No es una elucubración mental, es una verdad constatable. Un niño hasta que no ha adquirido consciencia de sí mismo, mientras aún no tiene yo, no sufre. Donde no hay consciencia del yo no hay sufrimiento, ni dolor, ni preocupación ninguna, no hay ni memoria ni olvido, hay sólo vida inconsciente.Un bebé con un cólico llora y berrea, pero como respuesta instintiva. Llora y berrea hasta enronquecer, pero sin sentimiento alguno de dolor ni de sufrimiento.
Todas las religiones, hasta las más primitivas, tratan de eliminar el ego. Parecería que el humano, habría de pasar de la inconsciencia a la consciencia y de la consciencia a llamémosle la trans-consciencia. ¿Sería por eso que Jesús dijo que si no nos hacíamos otra vez como niños no entraríamos en el reino de los cielos?
El ego es un construcción mental y emocional que los humanos utilizan para diferenciarse unos de otros en algo más que en el cuerpo. El yo se mueve, siente, piensa y sueña como centro del mundo. El mundo en el que el yo vive es un mundo que él mismo ha creado conforme ha querido y ha podido.
Aunque todavía haya pensadores que se escandalicen, el mundo del yo no es la realidad. La realidad trasciende el yo, el yo nunca puede comprender la realidad, porque sencillamente, es la realidad la que contiene al yo y no el yo el que contiene a la realidad.
La realidad con todas sus dimensiones no puede ser comprendida por la lógica humana. Es como querer meter toda el agua del mar en un cubo. De todo punto imposible. Desde ninguna de las ciencias lógicas podemos aspirar a comprender la realidad.
Cuanto más complejo es el yo, como producto de movimientos, pensamientos, sentimientos y sueños cada vez más elaborados, más cerca está de un punto axial, de un momento en el que el yo debe hacer una elección. Llegado a este punto, al yo sólo se le ofrecen dos caminos, o volver para atrás en dirección a la inconsciencia, o desaparecer para reaparecer en la trans-consciencia, con un potencial que trasciende la lógica.
Los humanos que alcanzan este punto axial en sus vidas y que vuelven para atrás, suelen ser víctimas de demencias seniles, de graves depresiones, de olvidos completos del mundo.
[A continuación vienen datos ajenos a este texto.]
lemma volterra_second_kind_solvable:
  fixes k k' h :: "real \<Rightarrow> real"
  assumes dk: "\<And>r. r \<ge> 0 \<Longrightarrow> (k has_real_derivative k' r) (at r within {0..})"
    and ck': "continuous_on {0..} k'"
    and ch: "continuous_on {0..T} h" and T: "0 \<le> T"
  obtains f where "continuous_on {0..T} f"
    and "\<And>t. t \<in> {0..T} \<Longrightarrow> f t = h t + integral {0..t} (\<lambda>s. k (t - s) * f s)"
proof -
  have ck: "continuous_on {0..} k"
    by (rule DERIV_continuous_on[OF dk]) simp
  have "bounded (k ` {0..T})"
    by (intro compact_imp_bounded compact_continuous_image continuous_on_subset[OF ck]) auto
  then obtain M where M: "M > 0" "\<And>r. r \<in> {0..T} \<Longrightarrow> \<bar>k r\<bar> \<le> M"
    unfolding bounded_pos by auto
  \<comment> \<open>With the weight \<open>exp (- 2 M t)\<close> the kernel has integral at most \<open>1/2\<close>.\<close>
  define l where "l = 2 * M"
  have dkl: "((\<lambda>r. k r * exp (- (l * r))) has_real_derivative
      k' r * exp (- (l * r)) - k r * l * exp (- (l * r))) (at r within {0..})" if "r \<ge> 0" for r
    using dk[OF that] by (auto intro!: derivative_eq_intros simp: algebra_simps)
  obtain \<phi> where "continuous_on {0..T} \<phi>" and \<phi>: "\<And>t. t \<in> {0..T} \<Longrightarrow>
      \<phi> t = h t * exp (- (l * t)) + integral {0..t} (\<lambda>s. k (t - s) * exp (- (l * (t - s))) * \<phi> s)"
  proof (rule volterra_second_kind_contractive[OF dkl _ _ T, where h="\<lambda>t. h t * exp (- (l * t))"])
    show "integral {0..c} (\<lambda>s. \<bar>k (c - s) * exp (- (l * (c - s)))\<bar>) \<le> M / l" if "c \<in> {0..T}" for c
      using M that by (intro integral_exp_weighted_kernel_le continuous_on_subset[OF ck])
        (auto simp: l_def)
  qed (use M in \<open>auto intro!: continuous_intros ck ck' ch simp: l_def\<close>)
  show ?thesis
  proof (rule that[of "\<lambda>t. exp (l * t) * \<phi> t"])
    show "continuous_on {0..T} (\<lambda>t. exp (l * t) * \<phi> t)"
      by (intro continuous_intros) fact
    show "exp (l * t) * \<phi> t = h t + integral {0..t} (\<lambda>s. k (t - s) * (exp (l * s) * \<phi> s))"
      if "t \<in> {0..T}" for t
      using \<phi>[OF that] by (rule volterra_exp_weighting)
  qed
qed

lemma mvt_real_within:
  fixes f f' :: "real \<Rightarrow> real"
  assumes "a < b" and "{a..b} \<subseteq> S"
    and "\<And>x. x \<in> {a..b} \<Longrightarrow> (f has_real_derivative f' x) (at x within S)"
  shows "\<exists>x\<in>{a<..<b}. f b - f a = f' x * (b - a)"
proof (rule mvt_simple[OF \<open>a < b\<close>])
  fix x assume "a \<le> x" "x \<le> b"
  then show "(f has_derivative (\<lambda>h. f' x * h)) (at x within {a..b})"
    using assms(2) assms(3)[of x] by (auto simp: has_field_derivative_def intro: has_derivative_subset)
qed

lemma neg_between_zero_and_double_zero:
  fixes P P' P'' :: "real \<Rightarrow> real"
  assumes dP: "\<And>x. x \<in> {a..b} \<Longrightarrow> (P has_real_derivative P' x) (at x within {a..b})"
    and dP': "\<And>x. x \<in> {a..b} \<Longrightarrow> (P' has_real_derivative P'' x) (at x within {a..b})"
    and P''_decreasing: "\<And>x z. a \<le> x \<Longrightarrow> x < z \<Longrightarrow> z \<le> b \<Longrightarrow> P'' z < P'' x"
    and zeros: "P a = 0" "P b = 0" "P' b = 0"
    and y: "a < y" "y < b"
  shows "P y < 0"
proof (rule ccontr)
  assume "\<not> P y < 0"
  obtain u where u: "u \<in> {a<..<y}" "P y - P a = P' u * (y - a)"
    using mvt_real_within[of a y "{a..b}" P P'] y dP by auto
  obtain v where v: "v \<in> {y<..<b}" "P b - P y = P' v * (b - y)"
    using mvt_real_within[of y b "{a..b}" P P'] y dP by auto
  have "P' u * (y - a) \<ge> 0" "P' v * (b - y) \<le> 0"
    using u v zeros \<open>\<not> P y < 0\<close> by auto
  then have "P' u \<ge> 0" "P' v \<le> 0"
    using y by (auto simp: zero_le_mult_iff mult_le_0_iff)
  obtain c where c: "c \<in> {u<..<v}" "P' v - P' u = P'' c * (v - u)"
    using mvt_real_within[of u v "{a..b}" P' P''] u v dP' by auto
  obtain d where d: "d \<in> {v<..<b}" "P' b - P' v = P'' d * (b - v)"
    using mvt_real_within[of v b "{a..b}" P' P''] u v dP' by auto
  have "P'' c * (v - u) \<le> 0" "P'' d * (b - v) \<ge> 0"
    using c d \<open>P' u \<ge> 0\<close> \<open>P' v \<le> 0\<close> zeros by auto
  then have "P'' c \<le> 0" "P'' d \<ge> 0"
    using c d by (auto simp: mult_le_0_iff zero_le_mult_iff)
  moreover have "P'' d < P'' c"
    using P''_decreasing[of c d] u v c d by auto
  ultimately show False
    by simp
qed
Los que en el mismo punto axial se dan cuenta de que el yo en realidad no existe separado de otro Yo que lo abarca todo, abandonan su yo como el que abandona un caparazón y se lanzan al descubrimiento de la realidad que con el yo lógico no pueden descubrir.
Los humanos que trascienden sus estrechos egos alcanzan a vivir con más serenidad, con más bondad, con más empatía, con más amor, con más confianza, con más esperanza, con más armonía, con más paz. No es que no sufran estos humanos, que sí sufren, pero su sufrimiento es mucho menor, y cuando sufren nunca dejan de comprender cual es el origen de ese sufrimiento.
Mientras tanto, la mayoría de los seres humanos hacen crecer sus egos con movimientos, pensamientos, sentimientos y sueños de poder. Más producción, más información, más sentimentalismo, más pesadillas. Los humanos están usando el planeta como si el planeta fuese de ellos y no ellos del planeta. Las injusticias no tienen más raíz que el egoísmo.
Hasta que una masa crítica de humanos sobre la Tierra no alcancen a superar la fase egoísta, la Humanidad seguirá amenazada por la guerra, el terrorismo, la xenofobia, el racismo, el nacionalismo, el autoritarismo, las dictaduras y las luchas de sexos.